È una questione di evoluzione tecnologica, per le batterie ancora non ci siamo. Non puoi cavare sangue da una rapa, altrimenti se il progresso era sufficiente ad ottenere risultati apprezzabili avrebbero reso il diesel poco inquinante e più efficiente. Le batterie sono oggetto di ricerca da molti anni e sono uno dei business del futuro, in quanto al momento è questo che si prevede, automobili elettriche con un pacco batterie efficiente. La Toyota ha sviluppato un ibrido per far fronte ai limiti delle batterie. Ora stanno tentando con batterie a condensatore a carica rapida e scarica lenta. Secondo me se una tecnologia si presenta subito funzionale allora può essere adottata e migliorata di molto nel tempo. Ma se una tecnologia mostra da subito grossi limiti funzionali, per quanto la si possa migliorare, difficilmente si guadagnerà il futuro. Tanto vale elettrificare le strade come le piste Polistil.


----------



## spleen (28 Settembre 2015)

Zod ha detto:


> È una questione di evoluzione tecnologica, per le batterie ancora non ci siamo. Non puoi cavare sangue da una rapa, altrimenti se il progresso era sufficiente ad ottenere risultati apprezzabili avrebbero reso il diesel poco inquinante e più efficiente. Le batterie sono oggetto di ricerca da molti anni e sono uno dei business del futuro, in quanto al momento è questo che si prevede, automobili elettriche con un pacco batterie efficiente. La Toyota ha sviluppato un ibrido per far fronte ai limiti delle batterie. Ora stanno tentando con batterie a condensatore a carica rapida e scarica lenta. Secondo me se una tecnologia si presenta subito funzionale allora può essere adottata e migliorata di molto nel tempo. Ma se una tecnologia mostra da subito grossi limiti funzionali, per quanto la si possa migliorare, difficilmente si guadagnerà il futuro. Tanto vale elettrificare le strade come le piste Polistil.

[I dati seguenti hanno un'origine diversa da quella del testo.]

definition BL_F :: "nat \<Rightarrow> nat \<Rightarrow> (nat \<Rightarrow> nat \<Rightarrow> real) \<Rightarrow> (nat \<Rightarrow> nat set) \<Rightarrow> (nat \<Rightarrow> nat \<Rightarrow> complex) set" where
  "BL_F N T U F = {X. (\<forall>v n. (v \<notin> {1..N} \<or> n \<notin> {1..T}) \<longrightarrow> X v n = 0) \<and>
                      (\<forall>i\<in>{1..N}. \<forall>f\<in>{1..T}. f \<notin> F i \<longrightarrow> JFT N T U X i f = 0)}"

definition sqnorm :: "nat \<Rightarrow> nat \<Rightarrow> (nat \<Rightarrow> nat \<Rightarrow> complex) \<Rightarrow> real" where
  "sqnorm N T X = (\<Sum>v\<in>{1..N}. \<Sum>n\<in>{1..T}. (cmod (X v n))\<^sup>2)"

definition stable_sampling :: "nat \<Rightarrow> nat \<Rightarrow> (nat \<Rightarrow> nat \<Rightarrow> complex) set \<Rightarrow> (nat \<times> nat) set \<Rightarrow> bool" where
  "stable_sampling N T Sp S \<longleftrightarrow> (\<exists>A A'. 0 < A \<and> A \<le> A' \<and>
     (\<forall>X\<in>Sp. A * sqnorm N T X \<le> (\<Sum>(v,n)\<in>S. (cmod (X v n))\<^sup>2) \<and>
              (\<Sum>(v,n)\<in>S. (cmod (X v n))\<^sup>2) \<le> A' * sqnorm N T X))"

definition joint_bandwidth :: "nat \<Rightarrow> (nat \<Rightarrow> nat set) \<Rightarrow> nat" where
  "joint_bandwidth N F = (\<Sum>i\<in>{1..N}. card (F i))"

definition graph_bandwidth :: "nat \<Rightarrow> (nat \<Rightarrow> nat set) \<Rightarrow> nat" where
  "graph_bandwidth N F = card {i\<in>{1..N}. F i \<noteq> {}}"

definition sampling_ratio :: "nat \<Rightarrow> nat \<Rightarrow> (nat \<times> nat) set \<Rightarrow> real" where
  "sampling_ratio N T S = real (card S) / (real N * real T)"

end

(*
  The joint Fourier atoms U(.,i) u_f with f in F_i, i.e. B functions on the N x T grid, span
  BL_F, and each column X(.,n) of a signal in BL_F lies in the span of the B_G eigenvectors
  U(.,i) with F_i nonempty.  For any k functions on a finite set D, Gaussian elimination picks
  at most k points of D whose samples bound the l2-norm on D of every linear combination.
  Applied to the B_G eigenvectors on the vertex set this gives a vertex set G with |G| <= B_G;
  applied to the B atoms on G x time it gives at most B samples that bound the energy of every
  signal in BL_F from below.  Enlarging the set to exactly B samples keeps that bound, and the
  upper frame bound 1 is trivial.
*)
theory Submission
  imports Defs "HOL-Analysis.Complex_Transcendental" "Jordan_Normal_Form.Determinant"
begin

definition sqnorm_on :: "'d set \<Rightarrow> ('d \<Rightarrow> 'a::real_normed_vector) \<Rightarrow> real" where
  "sqnorm_on A x = (\<Sum>p\<in>A. (norm (x p))\<^sup>2)"

lemma sqnorm_on_nonneg: "sqnorm_on A x \<ge> 0"
  unfolding sqnorm_on_def by (simp add: sum_nonneg)

lemma sqnorm_on_cong: "(\<And>p. p \<in> A \<Longrightarrow> x p = y p) \<Longrightarrow> sqnorm_on A x = sqnorm_on A y"
  unfolding sqnorm_on_def by simp

lemma sqnorm_on_mono: "finite B \<Longrightarrow> A \<subseteq> B \<Longrightarrow> sqnorm_on A x \<le> sqnorm_on B x"
  unfolding sqnorm_on_def by (rule sum_mono2) auto

lemma norm_le_sqnorm_on: "finite A \<Longrightarrow> p \<in> A \<Longrightarrow> (norm (x p))\<^sup>2 \<le> sqnorm_on A x"
  unfolding sqnorm_on_def by (rule member_le_sum) auto

lemma sqnorm_on_mult_left:
  fixes x :: "'d \<Rightarrow> 'a::real_normed_div_algebra"
  shows "sqnorm_on A (\<lambda>p. c * x p) = (norm c)\<^sup>2 * sqnorm_on A x"
  unfolding sqnorm_on_def by (simp add: norm_mult power_mult_distrib sum_distrib_left)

Le batterie si prestano a miglioramenti tecnologici, (non lo dico io). Senza contare all' abbinamento di altre tecnologie.
Inoltre non si è tenuto conto del fotovoltaico, le auto hanno anche una superfice che anzichè arroventarsi al sole inutilmente potrebbe essere sfruttata, alcuni laboratori stanno mettendo a punto persino vernici fotosensibili. Siamo solo all' inizio.


----------



## sienne (29 Settembre 2015)

spleen ha detto:


> Le batterie si prestano a miglioramenti tecnologici, (non lo dico io). Senza contare all' abbinamento di altre tecnologie.
> Inoltre non si è tenuto conto del fotovoltaico, le auto hanno anche una superfice che anzichè arroventarsi al sole inutilmente potrebbe essere sfruttata, alcuni laboratori stanno mettendo a punto persino vernici fotosensibili. Siamo solo all' inizio.



Ciao

infatti, si sta pensando già da tempo nelle varie direzioni. Basta pensare allo svizzero Piccard, ad esempio ... 
E ce ne sono tanti altri ancora. 




sienne


----------



## Nobody (29 Settembre 2015)

Zod ha detto:


> Costano le batterie, che infatti non vengono praticamente vendute. Ti vendono la macchina con le batterie, ma le batterie restano loro, se le riprenderanno e te le sostituiranno gratuitamente quando avranno perso efficienza. Attualmente la massima autonomia è sui 400 km, poi devi ricaricare, e ci vuole tempo. Altro problema. L'elettrico partirà alla grande quando le batterie costeranno meno e si ricaricheranno in cinque minuti. Dovranno anche avere degli accorgimenti particolari in quanto un pacco batterie che finisce in mare non è molto ecologico.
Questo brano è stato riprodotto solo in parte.